Updated on September 9, 2016

The High Priest


Aaron's Consecration Service

Next, Yahweh explains the consecration service of Aaron and his sons.

Officials (“You”) bring unleavened bread products in one basket and lead three unblemished beasts to the door of the tabernacle of meeting; there the officials wash Aaron and his sons and put on them the various priestly garments (vv. 1-9).

[The text does not specify who “you” is in these chapters; it does not seem possible that the word refers to Moses.

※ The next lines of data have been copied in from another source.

inductive is_plan :: "('a \<Rightarrow> 'p set) \<Rightarrow> 'j set \<Rightarrow> ('j \<Rightarrow> 'p \<Rightarrow> 'p \<Rightarrow> 'p)
    \<Rightarrow> 'a set \<Rightarrow> 'p \<Rightarrow> bool"
  for Scan :: "'a \<Rightarrow> 'p set" and J :: "'j set" and Combine :: "'j \<Rightarrow> 'p \<Rightarrow> 'p \<Rightarrow> 'p"
  where
    scan: "p \<in> Scan t \<Longrightarrow> is_plan Scan J Combine {t} p"
  | combine: "\<lbrakk> q1 \<noteq> {}; q2 \<noteq> {}; q1 \<inter> q2 = {}; j \<in> J;
               is_plan Scan J Combine q1 p1; is_plan Scan J Combine q2 p2 \<rbrakk>
              \<Longrightarrow> is_plan Scan J Combine (q1 \<union> q2) (Combine j p1 p2)"

definition plans :: "('a \<Rightarrow> 'p set) \<Rightarrow> 'j set \<Rightarrow> ('j \<Rightarrow> 'p \<Rightarrow> 'p \<Rightarrow> 'p) \<Rightarrow> 'a set \<Rightarrow> 'p set" where
  "plans Scan J Combine q = {p. is_plan Scan J Combine q p}"

definition PONO :: "('a \<Rightarrow> 'p set) \<Rightarrow> 'j set \<Rightarrow> ('j \<Rightarrow> 'p \<Rightarrow> 'p \<Rightarrow> 'p)
    \<Rightarrow> 'o set \<Rightarrow> ('p \<Rightarrow> 'o \<Rightarrow> real) \<Rightarrow> bool" where
  "PONO Scan J Combine Obj c \<longleftrightarrow>
    (\<forall>\<alpha> j qL qR pL pLs pR pRs. \<alpha> \<ge> 1 \<longrightarrow> j \<in> J \<longrightarrow>
       pL \<in> plans Scan J Combine qL \<longrightarrow> pLs \<in> plans Scan J Combine qL \<longrightarrow>
       pR \<in> plans Scan J Combine qR \<longrightarrow> pRs \<in> plans Scan J Combine qR \<longrightarrow>
       approx_le Obj \<alpha> (c pLs) (c pL) \<longrightarrow> approx_le Obj \<alpha> (c pRs) (c pR) \<longrightarrow>
       approx_le Obj \<alpha> (c (Combine j pLs pRs)) (c (Combine j pL pR)))"
(* Let $0<q<1$. For complex numbers $a,b,c,d$ with $\mathrm{Re}(a+b+c+d-1/2)>0$, and such that every $q^2$-gamma value occurring below is evaluated at a point that is not a non-positive integer, \[ \sum_{n=0}^{\infty}\frac{(1-q^{4n+2a})(1|q^{2})_{a+n-1}(1/2|q^{2})_{n-b}(1/2|q^{2})_{n-c}(1/2|q^{2})_{n-d}}{(1-q^{2})[n]_{q^{2}}!\,(1/2|q^{2})_{a+b+n}(1/2|q^{2})_{a+c+n}(1/2|q^{2})_{a+d+n}}\,q^{2(a+b+c+d)n-n} =\frac{\pi_{q}^{2}\,(1/2|q^{2})_{-b}(1/2|q^{2})_{-c}(1/2|q^{2})_{-d}(1/2|q^{2})_{a+b+c+d-1}}{(1|q^{2})_{a+b+c-1}(1|q^{2})_{a+b+d-1}(1|q^{2})_{a+c+d-1}\,q^{1/2}}. \]
   Context: Let $0<q<1$ and write $q^{x}=e^{x\log q}$. $(z;q)_\infty=\prod_{k\ge0}(1-zq^k)$. $\Gamma_{q^2}(x)=\frac{(q^2;q^2)_\infty}{(q^{2x};q^2)_\infty}(1-q^2)^{1-x}$; for complex $x,\alpha$, $(x|q^2)_\alpha=\Gamma_{q^2}(x+\alpha)/\Gamma_{q^2}(x)$. $[z]_{q^2}=\frac{1-q^{2z}}{1-q^2}$, $[0]_{q^2}!=1$, $[n]_{q^2}!=\prod_{k=1}^n[k]_{q^2}$. $\pi_q=(1-q^2)q^{1/4}\frac{(q^2;q^2)_\infty^2}{(q;q^2)_\infty^2}$. *)

theory Defs
  imports "HOL-Analysis.Analysis"
begin

definition qpow :: "real \<Rightarrow> complex \<Rightarrow> complex" where
  "qpow q x = exp (x * complex_of_real (ln q))"

definition qpoch_inf :: "complex \<Rightarrow> complex \<Rightarrow> complex" where
  "qpoch_inf z p = (\<Prod>k. 1 - z * p ^ k)"

definition qgamma2 :: "real \<Rightarrow> complex \<Rightarrow> complex" where
  "qgamma2 q x = qpoch_inf (complex_of_real (q\<^sup>2)) (complex_of_real (q\<^sup>2))
      / qpoch_inf (qpow q (2 * x)) (complex_of_real (q\<^sup>2))
      * exp ((1 - x) * complex_of_real (ln (1 - q\<^sup>2)))"

definition qgamma2_defined :: "real \<Rightarrow> complex \<Rightarrow> bool" where
  "qgamma2_defined q x \<longleftrightarrow> qpoch_inf (qpow q (2 * x)) (complex_of_real (q\<^sup>2)) \<noteq> 0"

definition qpochg2 :: "real \<Rightarrow> complex \<Rightarrow> complex \<Rightarrow> complex" where
  "qpochg2 q x \<alpha> = qgamma2 q (x + \<alpha>) / qgamma2 q x"

definition qint2 :: "real \<Rightarrow> complex \<Rightarrow> complex" where
  "qint2 q z = (1 - qpow q (2 * z)) / complex_of_real (1 - q\<^sup>2)"

definition qfact2 :: "real \<Rightarrow> nat \<Rightarrow> complex" where
  "qfact2 q n = (\<Prod>k=1..n. qint2 q (of_nat k))"

definition pi_q :: "real \<Rightarrow> complex" where
  "pi_q q = complex_of_real (1 - q\<^sup>2) * qpow q (1/4)
      * (qpoch_inf (complex_of_real (q\<^sup>2)) (complex_of_real (q\<^sup>2)))\<^sup>2
      / (qpoch_inf (complex_of_real q) (complex_of_real (q\<^sup>2)))\<^sup>2"

end

theory Submission
  imports Defs
begin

The author lists the order in which you/they dress the participants: tunic, robe, ephod, breastplate, woven band, turban, crown, anointing oil, sashes].

After Aaron and his sons “put their hands on the head” of the bull, someone kills it, takes some of its blood, puts it on the horns of the altar with his finger, and pours out the rest of the blood at the base of the altar (vv. 10-12).

Then they burn on the altar all of the animal’s fat from various body parts, and then burn its flesh, skin, and offal outside the camp as a sin offering (vv. 13-14).

[By putting their hands on the beast, Aaron and his sons identify themselves with it.

Sacrificing the bull symbolically removes their sins, thus setting them apart for service].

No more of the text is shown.